The more data comes in, the better the results. The Law of Large Numbers will then come into play. "AI makes so much more possible," says Otto. "The current technology is really only in its infancy. I think AI is a catch-all term: AI doesn't actually exist. It's far more absolute than human intelligence. AI sees no nuance."
This line addresses the food safety trend. The machine's stainless steel construction is left open as much as possible. It can be entirely cleaned, so microorganisms cannot accumulate, also because of all the inner sloping surfaces.
Cameras and sensors
Greefa is continuously looking for the latest camera and sensor developments. These are essential components of their products. Sander mentions looking at multiple wavelengths of light images means so much more can be detected.
Each wavelength helps to see defects. "Using multiple colors is now standard at Greefa. Exactly how many are chosen depends on the fruit. Thanks to this technology, we can, for example, detect blossom end rot (fusarium) in bell peppers. Other systems don't do that well (enough)," Sander explains.
Greefa uses sensors to, say, determine kiwis' firmness.
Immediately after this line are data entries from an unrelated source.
(* Let $d\ge3$, $d'=2$ and $\varepsilon,\varepsilon',p>0$. Then there exists a positive harmonic function $h$ on $E=\mathbb{R}^d_\varepsilon\cup\mathbb{R}^2_{\varepsilon'}\cup\{a^*\}$ (harmonic with respect to Brownian motion with varying dimension) such that $h\asymp1$ on $\mathbb{R}^d_\varepsilon$ (i.e. $c\le h\le C$ there for constants $c,C>0$) and $h(x)\asymp1+\log|x|_\rho$ for all $x\in\mathbb{R}^2_{\varepsilon'}$ with $|x|_\rho$ sufficiently large (i.e. there are $R_0,c,C>0$ with $c(1+\log|x|_\rho)\le h(x)\le C(1+\log|x|_\rho)$ for $x\in\mathbb{R}^2_{\varepsilon'}$, $|x|_\rho\ge R_0$).
   Context: $\mathbb{R}^k_r=\{x\in\mathbb{R}^k:|x|>r\}$. $E$ is obtained by placing $\mathbb{R}^d$ and $\mathbb{R}^2$ along complementary coordinates and identifying $\{|x|\le\varepsilon\}\subset\mathbb{R}^d$ and $\{|x|\le\varepsilon'\}\subset\mathbb{R}^2$ with one point $a^*$. $m_p(A)=m^{(d)}(A\cap\mathbb{R}^d)+p\,m^{(2)}(A\cap\mathbb{R}^2)$. Brownian motion with varying dimension is the (unique in law) $m_p$-symmetric diffusion on $E$ whose part processes on $\mathbb{R}^d_\varepsilon$ and $\mathbb{R}^2_{\varepsilon'}$ are Brownian motions killed upon leaving these sets and with no killing at $a^*$; its Dirichlet form on $L^2(E;m_p)$ is $\mathcal{E}(f,g)=\frac12\int_{\mathbb{R}^d_\varepsilon}\nabla f\cdot\nabla g\,dm_p+\frac12\int_{\mathbb{R}^2_{\varepsilon'}}\nabla f\cdot\nabla g\,dm_p$ on functions whose restrictions lie in $H^1$ of each part and which are quasi-everywhere equal to their value at $a^*$ on both boundary spheres. "Harmonic" means annihilated by the generator of this process (harmonic on each part and satisfying the gluing condition at $a^*$). $|x|_\rho=|x|-\varepsilon'$ for $x\in\mathbb{R}^2_{\varepsilon'}$. *)

theory Defs
  imports "HOL-Analysis.Analysis"
begin

definition pd :: "('a::euclidean_space \<Rightarrow> real) \<Rightarrow> 'a \<Rightarrow> 'a \<Rightarrow> real" where
  "pd f i x = frechet_derivative f (at x) i"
Or they shine a light on a fruit and measure how much it allows through. That says something about the product's quality.
" We try to stay a step ahead," Otto continues. "We do so by developing much ourselves, by offering students interesting graduate projects, and by giving our people room to work with high-quality technology. Greefa's people are loyal. That says something, I think."
Otto with 'The Top,' a simple grader that small companies used to, and sometimes still, use.
"The Ukraine/Russian war shook up the export market considerably. We no longer do business with Russia. When the war broke out, we had quite a lot in the pipeline for the Russian market. The boycott didn't cover our sector, but we decided against doing business with Russia anyway. We also refer our Russian customers to a Russian service agent," Otto concludes.
The war-affected countries (and thus Greefa clients) used to sell a lot to Russia. Serbia, for example, is not involved but is feeling its effect. Greefa notices that that uncertainty diminishes the willingness to invest there.